_ASSIGNMENT_: Scan the records below for the line with "F \<Longrightarrow> P" and the line with "case bc_univ". Repeat those two lines and every line between them exactly, and nothing else.

┌─ DATA SHOWN

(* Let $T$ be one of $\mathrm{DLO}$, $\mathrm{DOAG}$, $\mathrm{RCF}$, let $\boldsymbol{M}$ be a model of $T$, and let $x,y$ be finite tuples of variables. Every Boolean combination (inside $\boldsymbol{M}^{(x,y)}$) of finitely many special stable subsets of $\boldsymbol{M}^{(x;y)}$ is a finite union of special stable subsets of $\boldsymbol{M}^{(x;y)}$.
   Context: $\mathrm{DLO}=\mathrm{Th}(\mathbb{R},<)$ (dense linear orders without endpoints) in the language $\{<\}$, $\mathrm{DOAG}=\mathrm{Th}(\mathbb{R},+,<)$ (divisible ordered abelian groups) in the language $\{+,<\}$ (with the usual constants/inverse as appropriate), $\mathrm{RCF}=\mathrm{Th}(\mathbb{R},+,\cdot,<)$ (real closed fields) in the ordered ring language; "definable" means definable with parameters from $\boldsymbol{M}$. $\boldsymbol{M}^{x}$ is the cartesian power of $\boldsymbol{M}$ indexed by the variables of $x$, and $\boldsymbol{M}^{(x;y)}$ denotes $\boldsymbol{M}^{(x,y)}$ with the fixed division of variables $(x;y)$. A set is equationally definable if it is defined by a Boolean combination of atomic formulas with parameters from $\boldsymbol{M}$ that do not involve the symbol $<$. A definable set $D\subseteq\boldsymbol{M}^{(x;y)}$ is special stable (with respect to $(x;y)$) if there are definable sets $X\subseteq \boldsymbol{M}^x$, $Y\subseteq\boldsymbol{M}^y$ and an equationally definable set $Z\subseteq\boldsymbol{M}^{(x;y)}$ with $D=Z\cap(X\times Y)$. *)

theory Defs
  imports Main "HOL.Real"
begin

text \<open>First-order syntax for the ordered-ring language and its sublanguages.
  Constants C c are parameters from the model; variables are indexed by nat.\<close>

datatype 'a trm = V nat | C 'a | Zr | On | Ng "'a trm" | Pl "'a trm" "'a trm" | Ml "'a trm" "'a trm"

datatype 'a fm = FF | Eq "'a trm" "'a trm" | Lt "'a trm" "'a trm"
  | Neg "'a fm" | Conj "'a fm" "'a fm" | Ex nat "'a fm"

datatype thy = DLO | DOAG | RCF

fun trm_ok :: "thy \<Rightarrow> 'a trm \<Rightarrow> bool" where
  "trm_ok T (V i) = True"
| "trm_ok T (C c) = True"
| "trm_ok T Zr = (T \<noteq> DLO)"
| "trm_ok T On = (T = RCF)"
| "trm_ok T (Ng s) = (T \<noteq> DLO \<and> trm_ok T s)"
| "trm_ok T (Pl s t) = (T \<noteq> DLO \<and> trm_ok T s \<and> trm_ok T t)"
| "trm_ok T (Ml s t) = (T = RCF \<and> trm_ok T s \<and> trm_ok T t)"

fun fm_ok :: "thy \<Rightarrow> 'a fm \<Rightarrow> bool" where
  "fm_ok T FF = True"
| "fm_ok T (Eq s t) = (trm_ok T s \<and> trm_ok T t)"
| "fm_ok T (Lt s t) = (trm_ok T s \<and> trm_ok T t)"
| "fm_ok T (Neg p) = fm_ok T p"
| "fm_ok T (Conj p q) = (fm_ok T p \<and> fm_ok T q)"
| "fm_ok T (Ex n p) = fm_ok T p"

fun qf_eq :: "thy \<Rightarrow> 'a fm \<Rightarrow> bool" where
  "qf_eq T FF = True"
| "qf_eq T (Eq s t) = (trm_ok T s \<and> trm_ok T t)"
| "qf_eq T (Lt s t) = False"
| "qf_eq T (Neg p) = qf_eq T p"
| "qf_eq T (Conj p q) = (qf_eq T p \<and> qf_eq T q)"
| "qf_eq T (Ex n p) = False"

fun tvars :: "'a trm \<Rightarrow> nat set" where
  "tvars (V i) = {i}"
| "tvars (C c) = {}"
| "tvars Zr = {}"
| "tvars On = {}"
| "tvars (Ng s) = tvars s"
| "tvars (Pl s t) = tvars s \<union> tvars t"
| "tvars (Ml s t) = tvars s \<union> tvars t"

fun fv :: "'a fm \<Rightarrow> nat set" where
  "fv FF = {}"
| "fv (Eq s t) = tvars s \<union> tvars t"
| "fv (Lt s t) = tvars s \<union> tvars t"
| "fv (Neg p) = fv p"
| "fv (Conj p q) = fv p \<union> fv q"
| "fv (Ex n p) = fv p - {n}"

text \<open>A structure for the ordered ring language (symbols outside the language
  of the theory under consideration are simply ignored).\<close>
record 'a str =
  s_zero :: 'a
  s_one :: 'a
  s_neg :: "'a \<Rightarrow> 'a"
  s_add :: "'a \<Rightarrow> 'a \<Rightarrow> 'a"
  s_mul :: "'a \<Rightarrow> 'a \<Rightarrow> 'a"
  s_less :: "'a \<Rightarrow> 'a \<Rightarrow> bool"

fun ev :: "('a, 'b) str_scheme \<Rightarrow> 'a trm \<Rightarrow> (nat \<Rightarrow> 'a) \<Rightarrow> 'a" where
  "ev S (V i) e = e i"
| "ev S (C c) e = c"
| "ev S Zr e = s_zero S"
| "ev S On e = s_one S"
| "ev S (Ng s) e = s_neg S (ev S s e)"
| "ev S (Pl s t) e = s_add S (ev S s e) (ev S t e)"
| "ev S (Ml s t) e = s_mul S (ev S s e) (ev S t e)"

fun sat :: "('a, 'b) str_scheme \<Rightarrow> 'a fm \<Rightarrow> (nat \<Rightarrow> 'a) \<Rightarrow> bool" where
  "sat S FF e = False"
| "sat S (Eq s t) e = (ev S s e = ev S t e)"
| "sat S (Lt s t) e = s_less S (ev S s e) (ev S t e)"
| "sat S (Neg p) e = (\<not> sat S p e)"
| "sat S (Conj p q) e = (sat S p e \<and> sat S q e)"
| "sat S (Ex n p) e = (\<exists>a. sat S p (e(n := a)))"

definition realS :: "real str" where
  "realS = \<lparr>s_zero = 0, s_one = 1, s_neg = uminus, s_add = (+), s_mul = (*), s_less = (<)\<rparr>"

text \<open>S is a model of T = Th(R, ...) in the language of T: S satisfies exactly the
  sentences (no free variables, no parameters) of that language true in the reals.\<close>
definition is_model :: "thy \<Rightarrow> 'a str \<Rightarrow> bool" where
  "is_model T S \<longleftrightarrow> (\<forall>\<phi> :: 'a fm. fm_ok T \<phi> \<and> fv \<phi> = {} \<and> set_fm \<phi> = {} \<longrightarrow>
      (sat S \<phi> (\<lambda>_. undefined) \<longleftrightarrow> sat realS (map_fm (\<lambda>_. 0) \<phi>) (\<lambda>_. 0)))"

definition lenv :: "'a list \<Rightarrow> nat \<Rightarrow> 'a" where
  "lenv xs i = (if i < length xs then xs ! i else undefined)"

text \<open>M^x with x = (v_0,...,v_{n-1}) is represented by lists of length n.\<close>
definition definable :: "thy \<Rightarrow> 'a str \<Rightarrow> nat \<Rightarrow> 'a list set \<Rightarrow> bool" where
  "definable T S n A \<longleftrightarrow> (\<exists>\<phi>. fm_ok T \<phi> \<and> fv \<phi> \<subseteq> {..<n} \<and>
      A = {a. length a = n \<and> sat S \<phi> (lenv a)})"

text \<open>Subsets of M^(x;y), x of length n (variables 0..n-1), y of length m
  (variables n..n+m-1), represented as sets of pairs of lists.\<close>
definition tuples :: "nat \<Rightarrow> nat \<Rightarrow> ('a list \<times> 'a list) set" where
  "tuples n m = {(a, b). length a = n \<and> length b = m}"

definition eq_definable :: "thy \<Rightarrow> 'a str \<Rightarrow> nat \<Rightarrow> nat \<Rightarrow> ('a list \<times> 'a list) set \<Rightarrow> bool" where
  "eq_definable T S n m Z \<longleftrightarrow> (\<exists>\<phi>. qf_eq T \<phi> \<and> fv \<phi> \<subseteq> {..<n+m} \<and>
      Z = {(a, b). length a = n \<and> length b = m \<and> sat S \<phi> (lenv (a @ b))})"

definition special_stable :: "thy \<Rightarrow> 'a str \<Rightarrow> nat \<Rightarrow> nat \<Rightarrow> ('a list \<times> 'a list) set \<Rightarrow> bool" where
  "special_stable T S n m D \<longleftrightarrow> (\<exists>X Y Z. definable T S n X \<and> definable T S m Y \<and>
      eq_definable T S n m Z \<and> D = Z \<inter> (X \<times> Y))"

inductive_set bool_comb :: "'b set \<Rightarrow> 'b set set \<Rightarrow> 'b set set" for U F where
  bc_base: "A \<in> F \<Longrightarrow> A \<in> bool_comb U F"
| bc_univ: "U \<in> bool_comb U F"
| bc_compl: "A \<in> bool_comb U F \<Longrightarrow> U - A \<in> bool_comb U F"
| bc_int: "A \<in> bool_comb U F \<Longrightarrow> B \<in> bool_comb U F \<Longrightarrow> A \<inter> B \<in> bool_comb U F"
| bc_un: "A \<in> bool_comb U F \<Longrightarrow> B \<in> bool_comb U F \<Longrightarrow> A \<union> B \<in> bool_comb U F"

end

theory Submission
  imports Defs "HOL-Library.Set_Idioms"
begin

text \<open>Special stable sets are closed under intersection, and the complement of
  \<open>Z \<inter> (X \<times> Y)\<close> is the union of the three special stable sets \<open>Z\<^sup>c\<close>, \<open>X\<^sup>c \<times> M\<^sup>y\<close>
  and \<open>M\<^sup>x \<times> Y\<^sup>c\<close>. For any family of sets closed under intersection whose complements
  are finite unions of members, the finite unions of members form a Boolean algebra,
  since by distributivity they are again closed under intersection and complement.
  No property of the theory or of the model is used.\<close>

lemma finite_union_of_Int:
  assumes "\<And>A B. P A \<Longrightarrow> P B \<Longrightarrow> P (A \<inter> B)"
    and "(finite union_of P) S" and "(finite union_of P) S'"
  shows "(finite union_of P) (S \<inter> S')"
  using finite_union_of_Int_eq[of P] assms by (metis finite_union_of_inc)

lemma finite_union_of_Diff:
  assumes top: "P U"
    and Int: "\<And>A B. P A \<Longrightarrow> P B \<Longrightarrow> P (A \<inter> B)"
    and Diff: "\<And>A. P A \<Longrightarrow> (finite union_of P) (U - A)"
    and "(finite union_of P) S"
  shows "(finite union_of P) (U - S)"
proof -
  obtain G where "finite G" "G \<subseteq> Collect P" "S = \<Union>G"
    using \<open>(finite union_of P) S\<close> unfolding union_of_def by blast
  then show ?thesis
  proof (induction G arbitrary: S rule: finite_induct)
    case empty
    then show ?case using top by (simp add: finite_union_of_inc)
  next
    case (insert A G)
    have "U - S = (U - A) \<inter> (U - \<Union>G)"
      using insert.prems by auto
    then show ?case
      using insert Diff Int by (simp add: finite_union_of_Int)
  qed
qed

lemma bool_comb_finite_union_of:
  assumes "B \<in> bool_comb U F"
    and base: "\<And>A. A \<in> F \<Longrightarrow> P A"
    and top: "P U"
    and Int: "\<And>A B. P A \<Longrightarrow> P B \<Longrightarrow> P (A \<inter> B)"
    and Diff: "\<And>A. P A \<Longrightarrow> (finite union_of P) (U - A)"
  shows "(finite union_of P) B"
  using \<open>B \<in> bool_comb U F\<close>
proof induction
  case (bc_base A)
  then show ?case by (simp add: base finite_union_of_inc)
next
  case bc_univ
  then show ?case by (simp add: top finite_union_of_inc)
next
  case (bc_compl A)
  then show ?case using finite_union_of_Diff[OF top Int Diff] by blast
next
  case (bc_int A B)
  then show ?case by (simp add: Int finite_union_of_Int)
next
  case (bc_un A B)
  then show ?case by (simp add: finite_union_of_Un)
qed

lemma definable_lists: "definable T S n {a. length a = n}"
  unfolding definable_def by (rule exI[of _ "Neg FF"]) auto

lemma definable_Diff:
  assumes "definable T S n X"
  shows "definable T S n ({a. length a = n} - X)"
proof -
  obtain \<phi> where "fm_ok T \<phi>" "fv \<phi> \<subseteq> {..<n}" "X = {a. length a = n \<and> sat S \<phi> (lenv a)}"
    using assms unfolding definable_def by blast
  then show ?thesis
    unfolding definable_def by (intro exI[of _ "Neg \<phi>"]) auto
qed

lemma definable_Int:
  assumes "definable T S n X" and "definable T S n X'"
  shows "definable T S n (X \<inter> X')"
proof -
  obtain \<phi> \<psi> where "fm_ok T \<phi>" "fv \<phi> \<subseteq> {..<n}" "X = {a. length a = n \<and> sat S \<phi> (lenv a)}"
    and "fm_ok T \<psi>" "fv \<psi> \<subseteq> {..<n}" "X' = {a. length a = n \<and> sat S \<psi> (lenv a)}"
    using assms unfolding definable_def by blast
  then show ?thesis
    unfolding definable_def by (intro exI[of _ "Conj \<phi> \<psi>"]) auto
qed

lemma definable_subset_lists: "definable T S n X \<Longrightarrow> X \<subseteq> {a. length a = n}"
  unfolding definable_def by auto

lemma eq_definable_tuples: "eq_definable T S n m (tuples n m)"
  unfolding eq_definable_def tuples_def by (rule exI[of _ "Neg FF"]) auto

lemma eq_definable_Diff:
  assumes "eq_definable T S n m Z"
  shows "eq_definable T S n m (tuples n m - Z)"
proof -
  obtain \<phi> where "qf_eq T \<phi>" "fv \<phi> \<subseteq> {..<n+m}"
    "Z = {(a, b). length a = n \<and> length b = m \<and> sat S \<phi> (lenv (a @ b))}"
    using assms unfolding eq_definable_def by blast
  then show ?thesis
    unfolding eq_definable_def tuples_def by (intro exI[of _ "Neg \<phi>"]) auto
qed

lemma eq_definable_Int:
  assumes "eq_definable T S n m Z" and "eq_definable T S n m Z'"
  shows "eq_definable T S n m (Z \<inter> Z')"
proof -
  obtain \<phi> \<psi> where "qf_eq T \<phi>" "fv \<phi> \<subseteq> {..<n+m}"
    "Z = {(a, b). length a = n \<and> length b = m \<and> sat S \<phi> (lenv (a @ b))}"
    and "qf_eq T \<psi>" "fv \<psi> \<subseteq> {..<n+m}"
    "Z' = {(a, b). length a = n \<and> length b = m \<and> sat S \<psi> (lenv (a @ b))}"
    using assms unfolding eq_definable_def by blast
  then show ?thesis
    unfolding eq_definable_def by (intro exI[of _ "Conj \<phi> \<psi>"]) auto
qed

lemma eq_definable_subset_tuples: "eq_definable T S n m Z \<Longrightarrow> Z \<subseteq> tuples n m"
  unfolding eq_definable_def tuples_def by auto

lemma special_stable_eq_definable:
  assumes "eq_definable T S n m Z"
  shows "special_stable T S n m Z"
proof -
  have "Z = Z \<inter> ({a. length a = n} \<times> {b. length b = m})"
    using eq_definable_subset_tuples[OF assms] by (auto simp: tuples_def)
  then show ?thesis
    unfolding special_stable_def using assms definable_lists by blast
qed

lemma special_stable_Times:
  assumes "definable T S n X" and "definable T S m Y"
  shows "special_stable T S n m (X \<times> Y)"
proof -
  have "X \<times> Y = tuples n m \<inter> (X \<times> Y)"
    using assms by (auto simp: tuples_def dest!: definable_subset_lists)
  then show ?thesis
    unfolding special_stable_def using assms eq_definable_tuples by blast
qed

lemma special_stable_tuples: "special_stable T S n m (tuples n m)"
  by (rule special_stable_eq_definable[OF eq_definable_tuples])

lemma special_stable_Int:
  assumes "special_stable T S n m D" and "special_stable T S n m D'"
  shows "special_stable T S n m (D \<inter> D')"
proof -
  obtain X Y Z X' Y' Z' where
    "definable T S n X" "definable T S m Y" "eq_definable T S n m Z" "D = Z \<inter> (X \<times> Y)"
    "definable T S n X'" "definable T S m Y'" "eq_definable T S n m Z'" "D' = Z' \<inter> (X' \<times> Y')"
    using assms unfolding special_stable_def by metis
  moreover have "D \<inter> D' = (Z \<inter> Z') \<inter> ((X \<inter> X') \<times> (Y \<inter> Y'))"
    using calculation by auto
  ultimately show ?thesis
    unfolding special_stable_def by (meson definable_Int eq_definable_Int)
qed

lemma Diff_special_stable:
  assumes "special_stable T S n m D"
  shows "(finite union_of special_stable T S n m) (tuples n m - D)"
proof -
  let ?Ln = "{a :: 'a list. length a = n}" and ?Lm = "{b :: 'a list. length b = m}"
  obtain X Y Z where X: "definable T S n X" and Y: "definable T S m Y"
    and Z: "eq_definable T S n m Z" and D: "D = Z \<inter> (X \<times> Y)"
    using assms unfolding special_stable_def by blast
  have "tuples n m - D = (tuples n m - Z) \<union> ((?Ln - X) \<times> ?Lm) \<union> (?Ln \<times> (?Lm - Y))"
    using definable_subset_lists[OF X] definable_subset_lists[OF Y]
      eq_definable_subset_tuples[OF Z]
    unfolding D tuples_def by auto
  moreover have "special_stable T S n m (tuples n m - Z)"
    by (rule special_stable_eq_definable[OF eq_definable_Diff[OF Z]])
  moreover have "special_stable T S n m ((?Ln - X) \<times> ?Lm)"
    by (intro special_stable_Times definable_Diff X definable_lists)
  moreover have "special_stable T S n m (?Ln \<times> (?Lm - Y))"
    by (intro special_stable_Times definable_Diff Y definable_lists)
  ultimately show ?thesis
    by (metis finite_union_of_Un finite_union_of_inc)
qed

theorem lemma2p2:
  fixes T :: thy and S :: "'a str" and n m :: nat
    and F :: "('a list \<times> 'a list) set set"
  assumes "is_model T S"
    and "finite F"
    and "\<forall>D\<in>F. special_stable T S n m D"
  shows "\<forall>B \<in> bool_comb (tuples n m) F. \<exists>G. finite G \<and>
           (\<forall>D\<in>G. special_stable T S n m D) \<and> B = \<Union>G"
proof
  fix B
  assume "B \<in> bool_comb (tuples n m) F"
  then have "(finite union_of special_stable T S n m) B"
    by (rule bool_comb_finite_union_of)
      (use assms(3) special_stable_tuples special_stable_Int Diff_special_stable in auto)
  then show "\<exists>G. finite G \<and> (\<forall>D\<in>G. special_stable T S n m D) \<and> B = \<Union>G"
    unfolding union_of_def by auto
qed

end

└─

_EXPECTED ANSWER_:
    and base: "\<And>A. A \<in> F \<Longrightarrow> P A"
    and top: "P U"
    and Int: "\<And>A B. P A \<Longrightarrow> P B \<Longrightarrow> P (A \<inter> B)"
    and Diff: "\<And>A. P A \<Longrightarrow> (finite union_of P) (U - A)"
  shows "(finite union_of P) B"
  using \<open>B \<in> bool_comb U F\<close>
proof induction
  case (bc_base A)
  then show ?case by (simp add: base finite_union_of_inc)
next
  case bc_univ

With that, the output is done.